Brand Highlights for the Fourth Quarter and Full Year
Coors Light continued its momentum growing low-single digits for the
quarter, outpacing the total category and the Premium Light segment
which lost share in a flat industry. The brand enjoyed its eighth
consecutive year of volume growth and MillerCoors will enter 2013 with a
continued focus on multicultural outreach for Coors Light, including
sponsorship of The Mexican Soccer League, Liga MX and the return of
“Search for the Coldest” in partnership with Ice Cube. Building on the
success of its packaging innovations, MillerCoors will launch the new
Coors Light “World’s Most Refreshing Can” in the second quarter of 2013.
Miller Lite declined mid-single digits for the quarter and low-single
digits for the full year.

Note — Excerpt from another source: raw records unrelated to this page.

lemma keys_add_single:
  "a \<notin> Poly_Mapping.keys f \<Longrightarrow> b \<noteq> 0 \<Longrightarrow>
    Poly_Mapping.keys (f + Poly_Mapping.single a b) = insert a (Poly_Mapping.keys f)"
  by (auto simp: in_keys_iff lookup_add lookup_single when_def split: if_splits)

lemma pvars_add_single:
  "a \<notin> Poly_Mapping.keys f \<Longrightarrow> b \<noteq> 0 \<Longrightarrow>
    pvars (f + Poly_Mapping.single a b) = Poly_Mapping.keys a \<union> pvars f"
  unfolding pvars_def by (simp add: keys_add_single)

lemma keys_minus_subset: "Poly_Mapping.keys (mo - e) \<subseteq> Poly_Mapping.keys (mo :: 'a \<Rightarrow>\<^sub>0 nat)"
  by (auto simp: in_keys_iff lookup_minus)

definition polys_in :: "'u dvar set \<Rightarrow> ('f::zero, 'u) dpoly set" where
  "polys_in V = {p. pvars p \<subseteq> V}"

lemma dring_eq_polys_in: "dring m = polys_in (dvars m)"
  unfolding dring_def polys_in_def by simp

lemma dring_le_eq_polys_in: "dring_le m l = polys_in {v \<in> dvars m. vord v \<le> l}"
  unfolding dring_le_def polys_in_def by simp

lemma polys_in_add: "p \<in> polys_in V \<Longrightarrow> q \<in> polys_in V \<Longrightarrow> p + q \<in> polys_in V"
  unfolding polys_in_def using pvars_add by blast

lemma polys_in_diff: "p \<in> polys_in V \<Longrightarrow> q \<in> polys_in V \<Longrightarrow> p - q \<in> polys_in V"
  unfolding polys_in_def using pvars_diff by blast

lemma polys_in_mult:
  "p \<in> polys_in V \<Longrightarrow> q \<in> polys_in V \<Longrightarrow> (p :: ('f::comm_ring_1, 'u) dpoly) * q \<in> polys_in V"
  unfolding polys_in_def using pvars_mult by blast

We will continue to invest in the “It’s Miller
Time” campaign and will launch a new iconic bottle for the on-premise in
mid-2013, following the positive volume impact of the Miller Lite punch
top can in 2012. Miller64 STRs were down low-single digits in the
quarter and high-single digits for the full year. Volume trends on the
brand have improved significantly since it’s re-positioning in the first
quarter of 2012. MillerCoors Premium Light STRs declined low-single
digits in the fourth quarter and for the full year.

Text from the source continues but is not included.